▶ [Directions for this task]
Please report every line in the entries that contains the string "thesis".

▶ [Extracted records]

definition automaton_simulates ::
  "nat \<Rightarrow> nat \<Rightarrow> 'q set \<Rightarrow> 'q \<Rightarrow> ('q \<Rightarrow> nat \<Rightarrow> 'q) \<Rightarrow> (nat \<Rightarrow> 'q set)
     \<Rightarrow> (nat \<Rightarrow> (nat \<Rightarrow> real) \<Rightarrow> real) \<Rightarrow> bool" where
  "automaton_simulates s t S q0 \<delta> SF f \<longleftrightarrow>
     is_automaton s t S q0 \<delta> SF \<and> simulation s t f (automaton_lang s t q0 \<delta> SF)"

text \<open>Polynomial functions with integer coefficients in the variables x_1, ..., x_n,
  i.e. the evaluation maps of elements of Z[x_1,...,x_n].\<close>
inductive_set int_poly_fun :: "nat \<Rightarrow> ((nat \<Rightarrow> real) \<Rightarrow> real) set" for n :: nat where
  const: "(\<lambda>x. real_of_int c) \<in> int_poly_fun n"
| var: "i \<in> {1..n} \<Longrightarrow> (\<lambda>x. x i) \<in> int_poly_fun n"
| add: "g \<in> int_poly_fun n \<Longrightarrow> h \<in> int_poly_fun n \<Longrightarrow> (\<lambda>x. g x + h x) \<in> int_poly_fun n"
| mult: "g \<in> int_poly_fun n \<Longrightarrow> h \<in> int_poly_fun n \<Longrightarrow> (\<lambda>x. g x * h x) \<in> int_poly_fun n"

end

theory Submission
  imports Defs "Jordan_Normal_Form.Determinant"
begin

text \<open>Read the automaton as a Markov chain whose transitions are the letters, taken with
  probabilities \<open>p\<close>. Then \<open>f\<^sub>j(p)\<close> is the probability of being absorbed in \<open>SF j\<close> when started in
  \<open>q0\<close>. On the states that are reachable without absorption and from which absorption is
  possible, first-step analysis shows that these absorption probabilities solve a linear system
  \<open>(I - Q) X = b\<close>, where \<open>Q\<close> is the substochastic transition matrix among those states and \<open>b\<close>
  the one-step absorption probabilities; all entries are integer polynomials in \<open>p\<close>. Since
  every such state can escape, a maximum principle makes \<open>I - Q\<close> nonsingular, and Cramer's
  rule writes \<open>f\<^sub>j(p)\<close> as a quotient of two determinants, which are integer polynomials in \<open>p\<close>.\<close>

section \<open>Integer polynomial functions\<close>

lemma int_poly_fun_sum:
  assumes "finite I" and "\<And>i. i \<in> I \<Longrightarrow> g i \<in> int_poly_fun n"
  shows "(\<lambda>x. \<Sum>i\<in>I. g i x) \<in> int_poly_fun n"
  using assms
proof (induction I rule: finite_induct)
  case empty
  show ?case using int_poly_fun.const[of 0 n] by simp
next
  case (insert a I)
  have "(\<lambda>x. g a x + (\<Sum>i\<in>I. g i x)) \<in> int_poly_fun n"
    using insert by (intro int_poly_fun.add) auto
  with insert.hyps show ?case by simp
qed

lemma int_poly_fun_prod:
  assumes "finite I" and "\<And>i. i \<in> I \<Longrightarrow> g i \<in> int_poly_fun n"
  shows "(\<lambda>x. \<Prod>i\<in>I. g i x) \<in> int_poly_fun n"
  using assms
proof (induction I rule: finite_induct)
  case empty
  show ?case using int_poly_fun.const[of 1 n] by simp
next
  case (insert a I)
  have "(\<lambda>x. g a x * (\<Prod>i\<in>I. g i x)) \<in> int_poly_fun n"
    using insert by (intro int_poly_fun.mult) auto
  with insert.hyps show ?case by simp
qed

lemma int_poly_fun_diff:
  assumes "g \<in> int_poly_fun n" and "h \<in> int_poly_fun n"
  shows "(\<lambda>x. g x - h x) \<in> int_poly_fun n"
proof -
  have "(\<lambda>x. g x + (\<lambda>x. real_of_int (-1)) x * h x) \<in> int_poly_fun n"
    by (intro int_poly_fun.add int_poly_fun.mult assms int_poly_fun.const)
  then show ?thesis by simp
qed

lemma int_poly_fun_det:
  assumes carrier: "\<And>x. M x \<in> carrier_mat m m"
    and entries: "\<And>i k. i < m \<Longrightarrow> k < m \<Longrightarrow> (\<lambda>x. M x $$ (i, k)) \<in> int_poly_fun n"
  shows "(\<lambda>x. det (M x) :: real) \<in> int_poly_fun n"
proof -
  have "(\<lambda>x. det (M x)) = (\<lambda>x. \<Sum>\<pi>\<in>{\<pi>. \<pi> permutes {0..<m}}.
          of_int (sign \<pi>) * (\<Prod>i=0..<m. M x $$ (i, \<pi> i)))"
    by (intro ext) (simp add: det_def carrier_matD[OF carrier])
  also have "\<dots> \<in> int_poly_fun n"
  proof (rule int_poly_fun_sum)
    fix \<pi> assume "\<pi> \<in> {\<pi>. \<pi> permutes {0..<m}}"
    then have "\<pi> i < m" if "i < m" for i
      using permutes_in_image[of \<pi> "{0..<m}" i] that by simp
    then show "(\<lambda>x. of_int (sign \<pi>) * (\<Prod>i=0..<m. M x $$ (i, \<pi> i))) \<in> int_poly_fun n"
      by (intro int_poly_fun.mult int_poly_fun.const int_poly_fun_prod) (auto intro: entries)
  qed (simp add: finite_permutations)
  finally show ?thesis .
qed

lemma cramer_numerator_int_poly_fun:
  assumes carrier: "\<And>x. M x \<in> carrier_mat m m"
    and entries: "\<And>i k. i < m \<Longrightarrow> k < m \<Longrightarrow> (\<lambda>x. M x $$ (i, k)) \<in> int_poly_fun n"
    and rhs: "\<And>i. i < m \<Longrightarrow> (\<lambda>x. vec_index (b x) i) \<in> int_poly_fun n"
    and "k < m"
  shows "\<exists>g \<in> int_poly_fun n. \<forall>x v. v \<in> carrier_vec m \<longrightarrow> M x *\<^sub>v v = b x \<longrightarrow>
           g x = vec_index v k * det (M x)"
proof -
  let ?g = "\<lambda>x. det (replace_col (M x) (b x) k)"
  have "?g x = vec_index v k * det (M x)" if "v \<in> carrier_vec m" and "M x *\<^sub>v v = b x" for x v
  proof -
    have "det (replace_col (M x) (M x *\<^sub>v v) k) = vec_index v k * det (M x)"
      by (rule cramer_lemma_mat[OF carrier that(1) \<open>k < m\<close>])
    then show ?thesis
      by (simp only: that(2))
  qed
  moreover have "?g \<in> int_poly_fun n"
  proof (rule int_poly_fun_det)
    show "replace_col (M x) (b x) k \<in> carrier_mat m m" for x
      using carrier_matD[OF carrier] by (simp add: replace_col_def)
    fix i l assume "i < m" "l < m"
    then have "(\<lambda>x. replace_col (M x) (b x) k $$ (i, l)) =
               (\<lambda>x. if l = k then vec_index (b x) i else M x $$ (i, l))"
      using carrier_matD[OF carrier] by (simp add: replace_col_def)
    also have "\<dots> \<in> int_poly_fun n"
      using \<open>i < m\<close> \<open>l < m\<close> by (cases "l = k") (simp_all add: entries rhs)
    finally show "(\<lambda>x. replace_col (M x) (b x) k $$ (i, l)) \<in> int_poly_fun n" .
  qed
  ultimately show ?thesis
    by (intro bexI[of _ ?g]) auto
qed

section \<open>Absorption in a finite Markov chain\<close>

lemma run_Nil [simp]: "run \<delta> q [] = q"
  by (simp add: run_def)

lemma run_Cons [simp]: "run \<delta> q (a # w) = run \<delta> (\<delta> q a) w"
  by (simp add: run_def)

text \<open>Letter \<open>a \<in> A\<close> moves state \<open>q\<close> to \<open>\<delta> q a\<close> with probability \<open>p a\<close>.\<close>

locale absorbing_chain =
  fixes A :: "nat set" and \<delta> :: "'q \<Rightarrow> nat \<Rightarrow> 'q" and T :: "'q set"
  assumes finite_A: "finite A" and finite_T: "finite T"
    and escape: "\<And>q. q \<in> T \<Longrightarrow> \<exists>v. set v \<subseteq> A \<and> run \<delta> q v \<notin> T"
begin

definition transient_kernel :: "(nat \<Rightarrow> real) \<Rightarrow> ('q \<Rightarrow> real) \<Rightarrow> 'q \<Rightarrow> real" where
  "transient_kernel p Y q = (\<Sum>a\<in>A. p a * (if \<delta> q a \<in> T then Y (\<delta> q a) else 0))"

definition exit_prob :: "'q set \<Rightarrow> (nat \<Rightarrow> real) \<Rightarrow> 'q \<Rightarrow> real" where
  "exit_prob B p q = (\<Sum>a\<in>A. p a * of_bool (\<delta> q a \<in> B - T))"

▶ [Response area]
  then show ?thesis by simp
  finally show ?thesis .
    then show ?thesis
  ultimately show ?thesis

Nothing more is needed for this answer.